To provide the best customer support at any phase in your customer’s lifecycle, your teams need access to contact and company data—and every team must have access to the same information. This requires a centralized location for all relevant communications and open support tickets, and the ability to streamline information between sales, marketing, and support teams. At tech scale-ups, streamlining customer data requires organizing information from a customer support ticketing system (like Zendesk) and marketing and sales tools (like HubSpot).
So, how can integrations between your support platform and tools like your CRM improve the customer experience? When data is integrated into all the tools your customer-facing teams use, you can employ contact management, automation, and advanced analytics to ensure a delightful customer experience and eliminate silos between teams.

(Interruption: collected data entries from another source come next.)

lemma valley_perms_no_peak:
  "\<beta> \<in> valley_perms k \<Longrightarrow> 1 \<le> x \<Longrightarrow> x < y \<Longrightarrow> y < z \<Longrightarrow> z \<le> k \<Longrightarrow> \<beta> x < \<beta> y \<Longrightarrow> \<beta> z < \<beta> y
   \<Longrightarrow> False"
  unfolding valley_perms_def no_peak_def by blast

lemma valley_perms_extend:
  assumes \<beta>: "\<beta> \<in> valley_perms k"
  shows "\<beta> \<in> valley_perms (Suc k)"
proof -
  have "\<beta> permutes {1..Suc k}"
    using valley_perms_permutes[OF \<beta>] by (rule permutes_subset) auto
  moreover have "no_peak \<beta> (Suc k)"
    unfolding no_peak_def
  proof (intro allI impI notI, elim conjE)
    fix x y z assume xyz: "1 \<le> x" "x < y" "y < z" "z \<le> Suc k" "\<beta> x < \<beta> y" "\<beta> z < \<beta> y"
    show False
    proof (cases "z = Suc k")
      case True
      hence "\<beta> z = Suc k" using valley_perms_fixes[OF \<beta>] by simp
      moreover have "\<beta> y \<le> k" using valley_perms_in_range[OF \<beta>, of y] xyz True by auto
      ultimately show False using xyz by auto
    next
      case False
      thus False using valley_perms_no_peak[OF \<beta>, of x y z] xyz by auto
    qed
  qed
  ultimately show ?thesis by (simp add: valley_perms_def)
qed

lemma prepend_max_1: "prepend_max k \<beta> 1 = Suc k"
  by (simp add: prepend_max_def)

lemma prepend_max_shift: "i \<in> {2..Suc k} \<Longrightarrow> prepend_max k \<beta> i = \<beta> (i - 1)"
  by (simp add: prepend_max_def)

lemma prepend_max_shift_range:
  assumes \<beta>: "\<beta> \<in> valley_perms k" and i: "i \<in> {2..Suc k}"
  shows "prepend_max k \<beta> i \<in> {1..k}"
proof -
  have "i - 1 \<in> {1..k}" using i by auto
  thus ?thesis using prepend_max_shift[OF i] valley_perms_in_range[OF \<beta>] by simp
qed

This is critical as your tech scale-up grows—specifically, if you are EMEA-based or have clients in EMEA—and you run into security concerns (like GDPR compliance), more complex opt-in and communication management, and higher expectations from your audience for a personalized experience.
Benefits of centralized and connected data
When customer data lives in multiple places, it only makes it more difficult and frustrating for your support team to assist customers. Even answering a simple question can lead them down a rabbit hole of raw data, leading to inconsistencies that are sure to annoy customers.
In our digital age, consumers expect excellent experiences and fast delivery from the brands they do business with. When your customer data is centralized, your teams can stay in sync and ensure they are all delivering the same messages and have the same understanding of the situation. This saves customers from having to repeat their stories over and over again.
Once you combine your customer support data with sales and marketing data using tools like the Zendesk and HubSpot integration, you can uncover new audience segments, improve customer interactions, and facilitate team collaboration.
Whether they work in marketing, sales, or support, every single person on your team will be able to get a 360-degree customer view in one convenient location, giving them a complete picture of the customer’s journey with your company and projections about where they’re headed. Your team can see previous conversations, open tickets, or details about the customer’s unique situation, which enables them to provide a personalized experience and quick solutions while avoiding missteps.
“Our team relies on HubSpot as the source of truth for all prospect and customer-centric data,” says Callie Mulvihill, director of revenue operations at Tovuti LMS. “Using DataSync with Zendesk, we ensure we have the most up-to-date information, protect our agents’ time by giving them context all in one place, and gather segment-specific insights from HubSpot.”
Challenges of keeping a software stack in sync
Your business likely uses multiple cloud-based apps to manage a tremendous amount of data. Growing startups tend to rely on numerous software platforms that have the power to scale as they scale, and each one provides a ton of customer and prospect data. After all, internet users generate roughly 2.5 quintillion bytes of data every day. That number is only expected to rise as the demand for remote work, learning, and entertainment continues.
One of the most important apps in your stack is your CRM. Are you still working with spreadsheets? You’ll eventually outgrow the ability to keep up and access data—plus, the sooner you adopt a CRM, the sooner you can start to share information between teams. Use a CRM to track prospects, convert them into clients, and provide support to those customers regularly. However, for this process to work efficiently, data must be consistent across your tech stack, which is no easy feat considering how many data points your team tracks.
Here are a few common challenges when it comes to syncing a software stack:
1. Manually importing and exporting data is inefficient and inaccurate
If your sales, marketing, and support systems don’t speak to one another, you need to update each team individually on customer changes, like product upgrades and technical difficulties. Manually keeping up with customers might work when you first start your business, but once you begin to grow, your ability to track every single touchpoint becomes impossible. Plus, ensuring that you meet GDPR compliance and maintain data security isn’t a job for individual sales representatives or marketers.
2. Apps without integration solutions create manual work
If your business collects data through various apps (such as your CRM, lead gen tools, billing solutions, etc.) that don’t offer integration solutions, your teams might be recreating the wheel when it comes to maintaining data.
For example, if each app is managed by a different department, every team likely has its own process for inputting, updating, and tracking data. They may be adding data that already exists in another application, but they don’t know about it because it’s siloed: isolated from the rest of the organization. It’s also possible that individual teams enter data in different formats, leading to inconsistencies across customer interactions and communications.
3. Apps with limited integration solutions can cut off access to important data
Think about the number of customer data points your team collects. Now, consider the time and resources needed to import and export that data from one app to the next. Many businesses that choose to use integration solutions discover too late in the game that there are limitations.
A common issue is that the integration doesn’t sync historical data. This means all the data that was entered before the integration must be manually pushed to the next platform. To truly sync two databases, you need a solution that offers two-way integration.